The Heart of DolphinScheduler: In-Depth Analysis of the Quartz Scheduling Framework

Published at
11/20/2024
Categories
apachedolphinscheduler
quartz
opensource
bigdata
Author
chen_debra_3060b21d12b1b0
Author
25 person written this
chen_debra_3060b21d12b1b0
open
The Heart of DolphinScheduler: In-Depth Analysis of the Quartz Scheduling Framework

Quartz is an open-source Java job scheduling framework that provides powerful capabilities for scheduling tasks. In DolphinScheduler, Quartz is used to implement task scheduling and management.
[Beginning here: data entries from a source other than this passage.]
(* For every set $I\subseteq[n]$ of $k$ distinct participants, the secret $\mathbf s$ is uniquely determined by the shares $(t_i)_{i\in I}$: there is a function $g_I$ such that $g_I((t_i)_{i\in I})=\mathbf s$ for all values of $\mathbf s$ and of the random entries of $M$.
   Context: Fix integers $n\ge k\ge 2$ and $d\ge k$, and a finite field $\mathbb{F}_q$ with $q>n$ (the integers $1,\dots,n$ are regarded as distinct elements of $\mathbb{F}_q$). For $i\in[n]=\{1,\dots,n\}$ let $\psi_i=(1,i,i^2,\dots,i^{d-1})^T\in\mathbb{F}_q^d$. The secret is $\mathbf s=(s_1,\dots,s_{d-k+1})\in\mathbb{F}_q^{d-k+1}$; write $s_A=s_{d-k+1}\in\mathbb{F}_q$ and $s_B=(s_1,\dots,s_{d-k})^T\in\mathbb{F}_q^{d-k}$. The dealer forms the symmetric $d\times d$ matrix $$M=\begin{pmatrix} s_A & r_a^T & s_B^T\\ r_a & R_b & R_c^T\\ s_B & R_c & 0\end{pmatrix}$$ with row/column blocks of sizes $1,\,k-1,\,d-k$, where $r_a\in\mathbb{F}_q^{k-1}$, $R_b$ is a symmetric $(k-1)\times(k-1)$ matrix, $R_c$ is a $(d-k)\times(k-1)$ matrix, and $0$ is the $(d-k)\times(d-k)$ zero matrix; the $R=(k-1)d-\binom{k-1}{2}$ free entries of $r_a,R_b,R_c$ (for $R_b$: the entries on and above the diagonal) are independent, uniform on $\mathbb{F}_q$, and independent of $\mathbf s$. The share of participant $j$ is $t_j^T=\psi_j^T N$, where $N=\begin{pmatrix} s_A & s_B^T\\ r_a & R_c^T\\ s_B & 0\end{pmatrix}$ is the $d\times(d-k+1)$ matrix formed by the first column and the last $d-k$ columns of $M$. *)

theory Defs
  imports Main "HOL-Library.FuncSet"
begin

text \<open>Matrices are 0-based functions nat => nat => 'a. Rows/columns of M are
  0..d-1, with blocks {0}, {1..k-1}, {k..d-1}.  The secret is a list s of length
  d-k+1 (s!0..s!(d-k-1) = s_B, s!(d-k) = s_A).  ra i = (r_a)_{i+1} (i<k-1),
  Rb i j (i<=j<k-1) are the on/above-diagonal entries of the symmetric R_b,
  Rc i j ((d-k) x (k-1)) are the entries of R_c.\<close>

definition dealer_M ::
  "nat \<Rightarrow> nat \<Rightarrow> 'a::field list \<Rightarrow> (nat \<Rightarrow> 'a) \<Rightarrow> (nat \<Rightarrow> nat \<Rightarrow> 'a)
   \<Rightarrow> (nat \<Rightarrow> nat \<Rightarrow> 'a) \<Rightarrow> nat \<Rightarrow> nat \<Rightarrow> 'a" where
  "dealer_M d k s ra Rb Rc r c =
     (if r = 0 \<and> c = 0 then s ! (d - k)
      else if r = 0 \<and> 1 \<le> c \<and> c \<le> k - 1 then ra (c - 1)
      else if r = 0 \<and> k \<le> c then s ! (c - k)
      else if 1 \<le> r \<and> r \<le> k - 1 \<and> c = 0 then ra (r - 1)
      else if 1 \<le> r \<and> r \<le> k - 1 \<and> 1 \<le> c \<and> c \<le> k - 1 then
        (if r \<le> c then Rb (r - 1) (c - 1) else Rb (c - 1) (r - 1))
      else if 1 \<le> r \<and> r \<le> k - 1 \<and> k \<le> c then Rc (c - k) (r - 1)
      else if k \<le> r \<and> c = 0 then s ! (r - k)
      else if k \<le> r \<and> 1 \<le> c \<and> c \<le> k - 1 then Rc (r - k) (c - 1)
      else 0)"

definition dealer_N ::
  "nat \<Rightarrow> nat \<Rightarrow> 'a::field list \<Rightarrow> (nat \<Rightarrow> 'a) \<Rightarrow> (nat \<Rightarrow> nat \<Rightarrow> 'a)
   \<Rightarrow> (nat \<Rightarrow> nat \<Rightarrow> 'a) \<Rightarrow> nat \<Rightarrow> nat \<Rightarrow> 'a" where
  "dealer_N d k s ra Rb Rc r c = dealer_M d k s ra Rb Rc r (if c = 0 then 0 else c + k - 1)"

text \<open>psi_i = (1, a_i, ..., a_i^(d-1)) where a_i is the field element representing i.\<close>
definition psi :: "(nat \<Rightarrow> 'a::field) \<Rightarrow> nat \<Rightarrow> nat \<Rightarrow> 'a" where
  "psi \<alpha> i r = \<alpha> i ^ r"

definition share ::
  "nat \<Rightarrow> nat \<Rightarrow> (nat \<Rightarrow> 'a::field) \<Rightarrow> 'a list \<Rightarrow> (nat \<Rightarrow> 'a) \<Rightarrow> (nat \<Rightarrow> nat \<Rightarrow> 'a)
   \<Rightarrow> (nat \<Rightarrow> nat \<Rightarrow> 'a) \<Rightarrow> nat \<Rightarrow> 'a list" where
  "share d k \<alpha> s ra Rb Rc j =
     map (\<lambda>c. \<Sum>r<d. psi \<alpha> j r * dealer_N d k s ra Rb Rc r c) [0..<d - k + 1]"

end

theory Submission
  imports Defs "HOL-Computational_Algebra.Polynomial"
begin

text \<open>
  Column c of the share matrix of the participants in I is
  V_I * N_c, where V_I is the k x d Vandermonde matrix of the points
  alpha i (i in I) and N_c is column c of N.  For c >= 1, N_c is supported on
  rows 0..k-1, so the k x k Vandermonde block determines N_c and in particular
  its top entry s_(c-1); this recovers s_B.  Column 0 is supported on rows
  0..k-1 once the now-known entries s_B in rows k..d-1 are subtracted, so its
  top entry s_A is recovered in the same way.

  The analytic core is that a polynomial of degree < k vanishing at k distinct
  points is zero (lemma vanishing_coeffs_zero).  The hypotheses k <= n and
  n < q of the theorem only ensure that such participant sets exist; the
  argument itself uses just that the points alpha i (i in I) are distinct.
\<close>

lemma vanishing_coeffs_zero:
  fixes x :: "'b \<Rightarrow> 'a::idom"
  assumes fin: "finite I" and inj: "inj_on x I"
    and van: "\<forall>i\<in>I. (\<Sum>r<card I. h r * x i ^ r) = 0"
    and r: "r < card I"
  shows "h r = 0"
proof -
  define p where "p = (\<Sum>r<card I. monom (h r) r)"
  have root: "poly p (x i) = 0" if "i \<in> I" for i
    using van that by (simp add: p_def poly_sum poly_monom)
  have deg: "degree p \<le> card I - 1"
    unfolding p_def by (rule degree_sum_le) (auto intro: order_trans[OF degree_monom_le])
  have "p = 0"
  proof (rule ccontr)
    assume "p \<noteq> 0"
    have "card I = card (x ` I)" using inj by (simp add: card_image)
    also have "\<dots> \<le> card {z. poly p z = 0}"
      by (intro card_mono poly_roots_finite[OF \<open>p \<noteq> 0\<close>]) (auto simp: root)
    also have "\<dots> \<le> degree p" by (rule card_poly_roots_bound[OF \<open>p \<noteq> 0\<close>])
    finally show False using deg r by linarith
  qed
  moreover have "coeff p r = h r"
    unfolding p_def coeff_sum using r by (simp add: coeff_monom)
  ultimately show ?thesis by simp
qed

lemma vandermonde_kernel_low_support:
  fixes x :: "'b \<Rightarrow> 'a::idom"
  assumes fin: "finite I" and inj: "inj_on x I" and kd: "card I \<le> d"
    and supp: "\<forall>r. card I \<le> r \<and> r < d \<longrightarrow> v r = 0"
    and ker: "\<forall>i\<in>I. (\<Sum>r<d. x i ^ r * v r) = 0"
    and r: "r < card I"
  shows "v r = 0"
proof (rule vanishing_coeffs_zero[OF fin inj _ r], intro ballI)
  fix i assume "i \<in> I"
  have "(\<Sum>r<d. x i ^ r * v r) = (\<Sum>r<card I. x i ^ r * v r)"
    by (rule sum.mono_neutral_right) (use kd supp in auto)
  then show "(\<Sum>r<card I. v r * x i ^ r) = 0"
    using ker \<open>i \<in> I\<close> by (simp add: mult.commute)
qed

lemma reconstruction_exists:
  assumes det: "\<And>s \<rho> s' \<rho>'. P s \<Longrightarrow> P s' \<Longrightarrow> F s \<rho> = F s' \<rho>' \<Longrightarrow> s = s'"
  shows "\<exists>g. \<forall>s \<rho>. P s \<longrightarrow> g (F s \<rho>) = s"
proof (intro exI allI impI)
  fix s \<rho> assume "P s"
  let ?g = "\<lambda>y. SOME s. P s \<and> (\<exists>\<rho>. y = F s \<rho>)"
  have "P (?g (F s \<rho>)) \<and> (\<exists>\<rho>'. F s \<rho> = F (?g (F s \<rho>)) \<rho>')"
    by (rule someI_ex) (use \<open>P s\<close> in blast)
  then show "?g (F s \<rho>) = s" using det \<open>P s\<close> by metis
qed

lemma share_nth:
  "c < d - k + 1 \<Longrightarrow>
     share d k \<alpha> s ra Rb Rc j ! c = (\<Sum>r<d. \<alpha> j ^ r * dealer_N d k s ra Rb Rc r c)"
  unfolding share_def psi_def by (subst nth_map) (auto simp del: upt_Suc)

lemma dealer_N_col_zero_block:
  assumes "2 \<le> k" "1 \<le> c" "k \<le> r"
  shows "dealer_N d k s ra Rb Rc r c = 0"
proof -
  have "\<not> c + k - 1 \<le> k - 1" "k \<le> c + k - 1" "\<not> r \<le> k - 1" "r \<noteq> 0" using assms by auto
  then show ?thesis using assms by (simp add: dealer_N_def dealer_M_def)
qed

lemma dealer_N_col_top:
  assumes "2 \<le> k" "1 \<le> c"
  shows "dealer_N d k s ra Rb Rc 0 c = s ! (c - 1)"
proof -
  have "\<not> c + k - 1 \<le> k - 1" "k \<le> c + k - 1" "c + k - 1 - k = c - 1" using assms by auto
  then show ?thesis using assms by (simp add: dealer_N_def dealer_M_def)
qed

lemma dealer_N_first_col_top:
  "2 \<le> k \<Longrightarrow> dealer_N d k s ra Rb Rc 0 0 = s ! (d - k)"
  by (simp add: dealer_N_def dealer_M_def)

lemma dealer_N_first_col_bottom:
  assumes "2 \<le> k" "k \<le> r"
  shows "dealer_N d k s ra Rb Rc r 0 = s ! (r - k)"
proof -
  have "\<not> r \<le> k - 1" "r \<noteq> 0" using assms by auto
  then show ?thesis using assms by (simp add: dealer_N_def dealer_M_def)
qed

lemma shares_determine_secret:
  fixes \<alpha> :: "nat \<Rightarrow> 'a::field"
  assumes k2: "2 \<le> k" and kd: "k \<le> d"
    and fin: "finite I" and card: "card I = k" and inj: "inj_on \<alpha> I"
    and len: "length s = d - k + 1" "length s' = d - k + 1"
    and eq: "\<forall>i\<in>I. share d k \<alpha> s ra Rb Rc i = share d k \<alpha> s' ra' Rb' Rc' i"
  shows "s = s'"
proof -
  text \<open>v c is the difference of column c of the two matrices N; by
    linearity of the shares it lies in the kernel of the Vandermonde matrix.\<close>
  define v where "v c r = dealer_N d k s ra Rb Rc r c - dealer_N d k s' ra' Rb' Rc' r c" for c r
  have ker: "\<forall>i\<in>I. (\<Sum>r<d. \<alpha> i ^ r * v c r) = 0" if "c < d - k + 1" for c
  proof
    fix i assume "i \<in> I"
    then have "share d k \<alpha> s ra Rb Rc i ! c = share d k \<alpha> s' ra' Rb' Rc' i ! c"
      using eq by simp
    then show "(\<Sum>r<d. \<alpha> i ^ r * v c r) = 0"
      using that by (simp add: share_nth v_def right_diff_distrib sum_subtractf)
  qed
  have top_zero: "v c 0 = 0"
    if "c < d - k + 1" "\<forall>r. k \<le> r \<and> r < d \<longrightarrow> v c r = 0" for c
    using vandermonde_kernel_low_support[OF fin inj _ _ ker[OF that(1)]] card kd that(2) k2
    by auto
  have secret_B: "s ! j = s' ! j" if "j < d - k" for j
  proof -
    have "v (Suc j) 0 = 0"
      using that by (intro top_zero) (auto simp: v_def dealer_N_col_zero_block[OF k2])
    then show ?thesis by (simp add: v_def dealer_N_col_top[OF k2])
  qed
  have secret_A: "s ! (d - k) = s' ! (d - k)"
  proof -
    have "v 0 0 = 0"
      using kd by (intro top_zero) (auto simp: v_def dealer_N_first_col_bottom[OF k2] secret_B)
    then show ?thesis by (simp add: v_def dealer_N_first_col_top[OF k2])
  qed
  show ?thesis
  proof (rule nth_equalityI)
    show "length s = length s'" using len by simp
    fix j assume "j < length s"
    then have "j < d - k \<or> j = d - k" using len by auto
    then show "s ! j = s' ! j" using secret_A secret_B by auto
  qed
qed

theorem theorem2:
  fixes n k d :: nat and \<alpha> :: "nat \<Rightarrow> 'a::{finite,field}"
  assumes "2 \<le> k" "k \<le> n" "k \<le> d" "n < card (UNIV :: 'a set)" "inj_on \<alpha> {1..n}"
  shows "\<forall>I. I \<subseteq> {1..n} \<and> card I = k \<longrightarrow>
           (\<exists>g. \<forall>s ra Rb Rc. length s = d - k + 1 \<longrightarrow>
              g (\<lambda>i\<in>I. share d k \<alpha> s ra Rb Rc i) = s)"
proof (intro allI impI)
  fix I :: "nat set" assume I: "I \<subseteq> {1..n} \<and> card I = k"
  then have fin: "finite I" and card: "card I = k" and inj: "inj_on \<alpha> I"
    using finite_subset inj_on_subset assms(5) by blast+
  let ?F = "\<lambda>s \<rho>. \<lambda>i\<in>I. share d k \<alpha> s (fst \<rho>) (fst (snd \<rho>)) (snd (snd \<rho>)) i"
  have "\<exists>g. \<forall>s \<rho>. length s = d - k + 1 \<longrightarrow> g (?F s \<rho>) = s"
  proof (rule reconstruction_exists)
    fix s s' :: "'a list" and \<rho> \<rho>'
    assume len: "length s = d - k + 1" "length s' = d - k + 1" and eq: "?F s \<rho> = ?F s' \<rho>'"
    have "\<forall>i\<in>I. share d k \<alpha> s (fst \<rho>) (fst (snd \<rho>)) (snd (snd \<rho>)) i
                = share d k \<alpha> s' (fst \<rho>') (fst (snd \<rho>')) (snd (snd \<rho>')) i"
      using fun_cong[OF eq] by (metis restrict_apply')
    then show "s = s'"
      by (rule shares_determine_secret[OF assms(1,3) fin card inj len])
  qed
  then obtain g where g: "\<forall>s \<rho>. length s = d - k + 1 \<longrightarrow> g (?F s \<rho>) = s" by blast
  show "\<exists>g. \<forall>s ra Rb Rc. length s = d - k + 1 \<longrightarrow>
              g (\<lambda>i\<in>I. share d k \<alpha> s ra Rb Rc i) = s"
  proof (intro exI allI impI)
    fix s :: "'a list" and ra Rb Rc assume "length s = d - k + 1"
    then show "g (\<lambda>i\<in>I. share d k \<alpha> s ra Rb Rc i) = s"
      using g[rule_format, of s "(ra, Rb, Rc)"] by simp
  qed
qed

end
DolphinScheduler integrates with Quartz through the QuartzExecutorImpl class, combining workflow and schedule management operations with Quartz's scheduling framework to achieve task execution.

This article provides a detailed analysis of Quartz's principles and implementation within DolphinScheduler.


Quartz Entity-Relationship Diagram

Image description

  1. QRTZ_JOB_DETAILS and QRTZ_TRIGGERS are the central tables, defining the relationship between jobs and triggers.
  2. The QRTZ_TRIGGERS table links with multiple trigger type tables, such as QRTZ_SIMPLE_TRIGGERS and QRTZ_CRON_TRIGGERS, to enable different trigger mechanisms.
  3. QRTZ_FIRED_TRIGGERS records execution history, associating with both the job and trigger tables.
  4. QRTZ_CALENDARS defines calendar exclusion rules for triggers, while QRTZ_PAUSED_TRIGGER_GRPS manages the pause state of trigger groups.
  5. QRTZ_SCHEDULER_STATE and QRTZ_LOCKS are used for scheduling coordination in clustered environments, ensuring high availability.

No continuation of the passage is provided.